The official seating capacity of the hall is 1,500. But many more squeezed in.
Representatives from the Longford Esso-Exxon picket were there. The event marked 300 days they have been out of work, because management is trying to cut their wages by almost 50 percent. Troy, one of the union delegates spoke to the delegates and received a standing ovation.
The main thrust of the meeting was to gain the support of delegates for the Change the Rules campaign and participation to move it forward.
Determination to win overwhelming public support and willingness to fight hard, spells serious trouble for the Turnbull government was evident. The emerging battle was expressed in terms of not only bringing an end to this government. But to ensure that the existing industrial relations regime will be replaced by one that is much fairer to all workers, whether they are members of unions or not.
One part of the strategy is to win over the support of the Labor Party, the Greens and other members of parliament. At the same time, it was understood that victory will depend on the ongoing activity on the ground.
Mention was made of the fact that the problem is not one just made by the current government, but one that has been gradually unrolled over at least 30 years. There is an implied criticism of Labor for having played a part in it, although it was acknowledged that the Howard and now Turnbull government have taken it much further.
Speakers referred to the need to confront and ensure the greed of big business is taken on. Big business avoids paying tax with government assistance, while the wages share of the wealth of Australia is reduced, and the richest one percent hold nearly three quarters of it all.
It was also said that this is a political battle, which must be won in the workplaces, in the streets and the neighbourhoods.
Nor was it left at saying that the rules are broken. Solutions were put forward, such as, the need for fairer wages, the end to the use of casualised labour as a means of increased exploitation, achieving gender equality at work and an end to all other forms of discrimination.
This and much more was spelled out in as report given by Australian Council of Trade Unions secretary, Sally McManus, who also received enthusiastic personal support from the floor. She explained that this is about building a fairer Australia.
She and other speakers, notably Troy Gray (state secretary of the Electrical trades Union) and John Setka (state secretary of the Construction Forestry Mining Maritime and Energy Union), pointed out that it is not enough to give support in words. Action is needed. Action to organise and built the capacity to bring about change, and action to organise and build the capacity to ensure that change is implemented after the change.
Sally McManus said this is about building workers’ power.
Hence the call to bring about the right to be a member of a union and be represented, the right of union officials to enter a workplace, and the right to withdraw labour as an essential protection.
The Melbourne Town Hall meeting was an occasion for union representatives to come together, to make decisions and agree on action, and it was to emphasise union issues. They are central to the change that is needed. T
There is a straight link between this and other negative developments, such as the abhorrent treatment of people on welfare, the housing affordability crisis, the inhumanity in the treatment of refugees, the callousness towards the first Australians, the promotion of the politics of hate against sections of our community, the pandering to the fossil fuel industry and developers, the under resourcing of public health and education, and the curtailment of established democratic rights and the gradual rise of big brother government.
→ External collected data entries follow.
(* Let $\omega=(\omega_0,\dots,\omega_d)\in\mathbb{R}^{d+1}_{>0}$ with $\omega_0\le\omega_1\le\dots\le\omega_d$. Then for every $i\in\{1,\dots,d-1\}$, $$\mu_i(S(\omega))\leqslant\frac{\Big(\frac{1}{\omega_0}+\sum_{k=i+1}^d\frac{1}{\omega_k}\Big)\Big(\sum_{j=1}^i\frac{1}{\omega_j}\Big)+\sum_{1\le s<t\le i}\frac{1}{\omega_s\omega_t}}{\sum_{k=0}^d\frac{1}{\omega_k}}.$$
   Context: $S(\omega)=\operatorname{conv}(-\omega_0\mathbb{1}_d,\omega_1e_1,\dots,\omega_de_d)\subseteq\mathbb{R}^d$. For a convex body $K\subseteq\mathbb{R}^d$ and $i\in\{1,\dots,d\}$, $\mu_i(K)=\min\{\mu\ge0:(\mu K+\mathbb{Z}^d)\cap U\ne\emptyset$ for every $(d-i)$-dimensional affine subspace $U\subseteq\mathbb{R}^d\}$. *)

theory Defs
  imports "HOL-Analysis.Analysis"
begin

definition int_lattice :: "(real ^ 'n) set" where
  "int_lattice = {x. \<forall>k. x $ k \<in> \<int>}"

text \<open>Coordinates of real^'n are numbered 1..d via a bijection idx :: 'n => nat onto {1..d};
  the axis e_k is the standard basis vector at the coordinate c with idx c = k.\<close>
definition simplexS :: "('n::finite \<Rightarrow> nat) \<Rightarrow> (nat \<Rightarrow> real) \<Rightarrow> (real ^ 'n) set" where
  "simplexS idx \<omega> = convex hull
     (insert (\<chi> c. - \<omega> 0) ((\<lambda>c. \<omega> (idx c) *\<^sub>R axis c 1) ` UNIV))"

definition covering_minimum :: "nat \<Rightarrow> (real ^ 'n::finite) set \<Rightarrow> real" where
  "covering_minimum i K = Inf {\<mu>. \<mu> \<ge> 0 \<and>
     (\<forall>U. affine U \<and> aff_dim U = int (CARD('n) - i) \<longrightarrow>
        {\<mu> *\<^sub>R x + z | x z. x \<in> K \<and> z \<in> int_lattice} \<inter> U \<noteq> {})}"

end

theory Submission
  imports Defs
begin

(* An affine subspace of dimension d - i contains a point p supported on some set J of i coordinates.
   For mu > 0, a point q lies in mu S(omega) iff there is c >= 0 with q + c 1 >= 0 and
   c / omega_0 + sum_k (q_k + c) / omega_k <= mu.  Subtracting from p the lattice point with
   coordinates floor (p_j + c) on J leaves the cost F c = A c + sum_(j in J) w_j frac (p_j + c),
   where w_j = 1 / omega_j and A = 1 / omega_0 + sum_(k notin J) 1 / omega_k.  Averaging F over c = 0
   (weight A) and the jump points c = 1 - frac p_k (weight w_k) yields a c with
   F c <= (A B + e_2(w_J)) / (A + B), where B = sum_(j in J) w_j and e_2 = offdiag_sum / 2 is the
   second elementary symmetric function.  The numerator is e_2 of all weights minus e_2 of the
   weights outside J; as the weights 1 / omega_k decrease, it is largest for J = {1..i}, which gives
   the right-hand side of the theorem. *)

section \<open>Off-diagonal sums\<close>

definition offdiag_sum :: "('a \<Rightarrow> real) \<Rightarrow> 'a set \<Rightarrow> real" where
  "offdiag_sum f X = (\<Sum>s\<in>X. \<Sum>t\<in>X - {s}. f s * f t)"
lemma dist_inf_deterministic_le:
  fixes P :: "nat \<Rightarrow> ('s \<times> 'z) pmf" and f :: "nat \<Rightarrow> 's \<times> 'z \<Rightarrow> 'c" and G :: "nat \<Rightarrow> 's \<Rightarrow> 'c"
  assumes not_null: "\<not> (\<lambda>m. measure (P m) (A m)) \<longlonglongrightarrow> 0"
    and f_on_A: "\<And>m x. x \<in> set_pmf (P m) \<Longrightarrow> x \<in> A m \<Longrightarrow> f m x = G m (fst x)"
    and G_tail: "\<And>\<delta>. DE < \<delta> \<Longrightarrow> (\<lambda>m. measure (P m) {x. \<delta> \<le> d m (fst x) (G m (fst x))}) \<longlonglongrightarrow> 0"
  shows "dist_inf (ch_law P (\<lambda>m s z. return_pmf (f m (s, z)))) d \<le> ereal DE"
proof (rule dist_inf_leI)
  fix \<delta> assume \<delta>: "DE < \<delta>"
  define bad where "bad m = {x. \<delta> \<le> d m (fst x) (f m x)}" for m
  define G_bad where "G_bad m = {x :: 's \<times> 'z. \<delta> \<le> d m (fst x) (G m (fst x))}" for m
  have A_le: "measure (P m) (A m) \<le> (1 - measure (P m) (bad m)) + measure (P m) (G_bad m)" for m
  proof -
    have "measure (P m) (A m) = measure (P m) (A m \<inter> set_pmf (P m))"
      by (simp add: measure_Int_set_pmf)
    also have "\<dots> \<le> measure (P m) (- bad m \<union> G_bad m)"
      by (rule measure_pmf.finite_measure_mono) (auto simp: bad_def G_bad_def f_on_A)
    also have "\<dots> \<le> measure (P m) (- bad m) + measure (P m) (G_bad m)"
      by (rule measure_Un_le) auto
    also have "measure (P m) (- bad m) = 1 - measure (P m) (bad m)"
      using measure_pmf.prob_compl[of "bad m" "P m"] by (simp add: Compl_eq_Diff_UNIV)
    finally show ?thesis .
  qed
  show "\<not> (\<lambda>m. measure (ch_law P (\<lambda>m s z. return_pmf (f m (s, z))) m)
      {x. \<delta> \<le> d m (fst x) (snd x)}) \<longlonglongrightarrow> 1"
  proof
    assume "(\<lambda>m. measure (ch_law P (\<lambda>m s z. return_pmf (f m (s, z))) m)
        {x. \<delta> \<le> d m (fst x) (snd x)}) \<longlonglongrightarrow> 1"
    then have "(\<lambda>m. 1 - measure (P m) (bad m)) \<longlonglongrightarrow> 0"
      using tendsto_diff[OF tendsto_const[of "1::real"]]
      unfolding ch_law_deterministic by (fastforce simp: bad_def vimage_def)
    then have "(\<lambda>m. (1 - measure (P m) (bad m)) + measure (P m) (G_bad m)) \<longlonglongrightarrow> 0"
      using tendsto_add[OF _ G_tail[OF \<delta>, folded G_bad_def]] by fastforce
    then have "(\<lambda>m. measure (P m) (A m)) \<longlonglongrightarrow> 0"
      by (rule Lim_null_comparison[rotated]) (simp add: A_le)
    with not_null show False by blast
  qed
qed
A campaign to change the rules will come into confrontation with all these issues, and this marks its wider implications, which provides a huge opportunity for building a broad and unstoppable movement.
Australia is at a crossroad marking an important juncture in our history. The situation will not continue as it is. If the present course is not defeated, conditions will quickly get much worse. The alternative is for enough people to grasp the hour and join in the effort.
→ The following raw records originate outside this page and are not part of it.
(* Let $0<p<\infty$, $m\in\mathbb{N}$, and let $E_1,\dots,E_m,F$ be Banach spaces over $\mathbb{K}=\mathbb{R}$ or $\mathbb{C}$. Then $$\eta^{m\text{-}mult}_{(p,p)}(E_1,\dots,E_m;F)\le \frac mp \ \text{ if } 0<p\le 2,\qquad \eta^{m\text{-}mult}_{(p,p)}(E_1,\dots,E_m;F)\le \frac m2 \ \text{ if } p\ge 2.$$
   Context: For vectors $x_1,\dots,x_n$ in a Banach space $E$ and $q>0$, $\|(x_k)_{k=1}^n\|_{w,q}:=\sup_{\varphi\in B_{E^*}}\left(\sum_{k=1}^n|\varphi(x_k)|^q\right)^{1/q}$, where $B_{E^*}$ is the closed unit ball of the dual. $\mathcal{L}(E_1,\dots,E_m;F)$ is the space of bounded $m$-linear maps. For $p,q>0$, the multilinear $m$-index of $(p,q)$-summability $\eta^{m\text{-}mult}_{(p,q)}(E_1,\dots,E_m;F)$ is the infimum of all real numbers $s$ with the property: for every $T\in\mathcal{L}(E_1,\dots,E_m;F)$ there is a constant $C\ge0$ (depending only on $m$ and $T$) such that $$\left(\sum_{k_1,\dots,k_m=1}^n\|T(x^{(1)}_{k_1},\dots,x^{(m)}_{k_m})\|^p\right)^{1/p}\le C n^{s}\prod_{i=1}^m\|(x^{(i)}_{k})_{k=1}^n\|_{w,q}$$ for all positive integers $n$ and all $x^{(i)}_k\in E_i$, $1\le k\le n$, $1\le i\le m$. *)

theory Defs
  imports "HOL-Analysis.Analysis"
begin

text \<open>A scalar multiplication by the field K (K = real or complex) on a real Banach
  space, compatible with the real structure and the norm: this makes the space a
  Banach space over K.\<close>
definition K_scaling :: "('k::real_normed_field \<Rightarrow> 'v::real_normed_vector \<Rightarrow> 'v) \<Rightarrow> bool" where
  "K_scaling sc \<longleftrightarrow>
     (\<forall>a b x. sc (a + b) x = sc a x + sc b x) \<and>
     (\<forall>a x y. sc a (x + y) = sc a x + sc a y) \<and>
     (\<forall>a b x. sc (a * b) x = sc a (sc b x)) \<and>
     (\<forall>r x. sc (of_real r) x = r *\<^sub>R x) \<and>
     (\<forall>a x. norm (sc a x) = norm a * norm x)"

text \<open>A closed K-linear subspace (hence itself a Banach space over K).\<close>
definition K_subspace :: "('k::real_normed_field \<Rightarrow> 'v::real_normed_vector \<Rightarrow> 'v) \<Rightarrow> 'v set \<Rightarrow> bool" where
  "K_subspace sc S \<longleftrightarrow> 0 \<in> S \<and> (\<forall>x\<in>S. \<forall>y\<in>S. x + y \<in> S) \<and>
     (\<forall>a. \<forall>x\<in>S. sc a x \<in> S) \<and> closed S"

definition dual_ball :: "('k::real_normed_field \<Rightarrow> 'v::real_normed_vector \<Rightarrow> 'v) \<Rightarrow> 'v set \<Rightarrow> ('v \<Rightarrow> 'k) set" where
  "dual_ball sc S = {\<phi>. (\<forall>x\<in>S. \<forall>y\<in>S. \<phi> (x + y) = \<phi> x + \<phi> y) \<and>
     (\<forall>a. \<forall>x\<in>S. \<phi> (sc a x) = a * \<phi> x) \<and> (\<forall>x\<in>S. norm (\<phi> x) \<le> norm x)}"

definition weak_norm :: "('k::real_normed_field \<Rightarrow> 'v::real_normed_vector \<Rightarrow> 'v) \<Rightarrow> 'v set \<Rightarrow> real \<Rightarrow> nat \<Rightarrow> (nat \<Rightarrow> 'v) \<Rightarrow> real" where
  "weak_norm sc S q n x = (SUP \<phi>\<in>dual_ball sc S. (\<Sum>k\<in>{1..n}. norm (\<phi> (x k)) powr q) powr (1 / q))"

text \<open>Arguments of an m-linear map: only the first m coordinates matter.\<close>
definition args :: "nat \<Rightarrow> (nat \<Rightarrow> 'v::zero) \<Rightarrow> nat \<Rightarrow> 'v" where
  "args m x = (\<lambda>i. if i < m then x i else 0)"

definition mult_bounded ::
  "('k::real_normed_field \<Rightarrow> 'e::real_normed_vector \<Rightarrow> 'e) \<Rightarrow> ('k \<Rightarrow> 'f::real_normed_vector \<Rightarrow> 'f)
   \<Rightarrow> nat \<Rightarrow> (nat \<Rightarrow> 'e set) \<Rightarrow> ((nat \<Rightarrow> 'e) \<Rightarrow> 'f) \<Rightarrow> bool" where
  "mult_bounded scE scF m S T \<longleftrightarrow>
     (\<forall>i<m. \<forall>x. (\<forall>j<m. x j \<in> S j) \<longrightarrow>
        (\<forall>y\<in>S i. \<forall>z\<in>S i. T (args m (x(i := y + z))) = T (args m (x(i := y))) + T (args m (x(i := z)))) \<and>
        (\<forall>a. \<forall>y\<in>S i. T (args m (x(i := scE a y))) = scF a (T (args m (x(i := y))))))
     \<and> (\<exists>C. \<forall>x. (\<forall>j<m. x j \<in> S j) \<longrightarrow> norm (T (args m x)) \<le> C * (\<Prod>j<m. norm (x j)))"

definition mult_index ::
  "('k::real_normed_field \<Rightarrow> 'e::real_normed_vector \<Rightarrow> 'e) \<Rightarrow> ('k \<Rightarrow> 'f::real_normed_vector \<Rightarrow> 'f)
   \<Rightarrow> nat \<Rightarrow> (nat \<Rightarrow> 'e set) \<Rightarrow> real \<Rightarrow> real \<Rightarrow> ereal" where
  "mult_index scE scF m S p q = Inf (ereal ` {s. \<forall>T. mult_bounded scE scF m S T \<longrightarrow>
     (\<exists>C\<ge>0. \<forall>n\<ge>1. \<forall>x::nat \<Rightarrow> nat \<Rightarrow> 'e. (\<forall>i<m. \<forall>k\<in>{1..n}. x i k \<in> S i) \<longrightarrow>
        (\<Sum>k\<in>PiE {..<m} (\<lambda>_. {1..n}). norm (T (args m (\<lambda>i. x i (k i)))) powr p) powr (1 / p)
          \<le> C * real n powr s * (\<Prod>i<m. weak_norm scE (S i) q n (x i)))})"

end

theory Submission
  imports Defs
begin

text \<open>The bound \<open>m/p\<close> is the trivial one. By Hahn-Banach every vector of \<open>E\<^sub>i\<close> is
  normed by a functional in the dual unit ball, so every term of a sequence has norm at most
  the weak \<open>p\<close>-norm of the sequence. Hence each of the \<open>n\<^sup>m\<close> terms
  \<open>\<parallel>T(x\<^sup>1\<^sub>k\<^sub>1, \<dots>, x\<^sup>m\<^sub>k\<^sub>m)\<parallel>\<close> is at most \<open>C\<close> times the product \<open>w\<close> of the \<open>m\<close> weak
  \<open>p\<close>-norms, and the \<open>p\<close>-th root of the sum of their \<open>p\<close>-th powers is at most
  \<open>C n\<^bsup>m/p\<^esup> w\<close>. For \<open>p \<ge> 2\<close> this also gives \<open>m/2\<close>, since then \<open>m/p \<le> m/2\<close>.
  Hahn-Banach is obtained from Zorn's lemma on graphs of norm-dominated functionals; in the
  complex case a real norming functional \<open>u\<close> is complexified to \<open>u w - \<i> u (\<i> w)\<close>.\<close>

text \<open>A linear subspace of \<open>V \<times> \<real>\<close> lying below the graph of the norm; by
  \<open>norm_dominated_graph_unique\<close> it is the graph of a norm-dominated linear functional.\<close>
definition norm_dominated_graph :: "'v::real_normed_vector set \<Rightarrow> ('v \<times> real) set \<Rightarrow> bool" where
  "norm_dominated_graph S G \<longleftrightarrow> G \<subseteq> S \<times> UNIV \<and>
     (\<forall>a b c d. (a, b) \<in> G \<longrightarrow> (c, d) \<in> G \<longrightarrow> (a + c, b + d) \<in> G) \<and>
     (\<forall>r a b. (a, b) \<in> G \<longrightarrow> (r *\<^sub>R a, r * b) \<in> G) \<and>
     (\<forall>a b. (a, b) \<in> G \<longrightarrow> b \<le> norm a)"

definition graph_extend :: "('v::real_vector \<times> real) set \<Rightarrow> 'v \<Rightarrow> real \<Rightarrow> ('v \<times> real) set" where
  "graph_extend G z c = {(a + t *\<^sub>R z, b + t * c) | a b t. (a, b) \<in> G}"

lemma
  assumes "norm_dominated_graph S G"
  shows norm_dominated_graph_subset: "G \<subseteq> S \<times> UNIV"
    and norm_dominated_graph_add: "(a, b) \<in> G \<Longrightarrow> (c, d) \<in> G \<Longrightarrow> (a + c, b + d) \<in> G"
    and norm_dominated_graph_scale: "(a, b) \<in> G \<Longrightarrow> (r *\<^sub>R a, r * b) \<in> G"
    and norm_dominated_graph_le_norm: "(a, b) \<in> G \<Longrightarrow> b \<le> norm a"
  using assms unfolding norm_dominated_graph_def by blast+

lemma norm_dominated_graph_zero:
  assumes "norm_dominated_graph S G" "(a, b) \<in> G"
  shows "(0, 0) \<in> G"
  using norm_dominated_graph_scale[OF assms, of 0] by simp

lemma norm_dominated_graph_unique:
  assumes G: "norm_dominated_graph S G" and "(y, b) \<in> G" "(y, b') \<in> G"
  shows "b = b'"
proof -
  have "(y + (-1) *\<^sub>R y, b + (-1) * b') \<in> G" "(y + (-1) *\<^sub>R y, b' + (-1) * b) \<in> G"
    using assms by (blast intro: norm_dominated_graph_add norm_dominated_graph_scale)+
  then have "b - b' \<le> 0" "b' - b \<le> 0"
    using norm_dominated_graph_le_norm[OF G] by fastforce+
  then show ?thesis by simp
qed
The Melbourne Town Hall’s greatest achievement is that those who were there left with great expectations and a feeling that they were part of something big. This is bound to filter more widely, as the thousands take the campaign to their workplaces and elsewhere.
Coming action around Australia will add to the momentum for change, and the culmination of the present phase, with a big rally in Melbourne on 9 May marking its end, will propel the campaign into its next phase.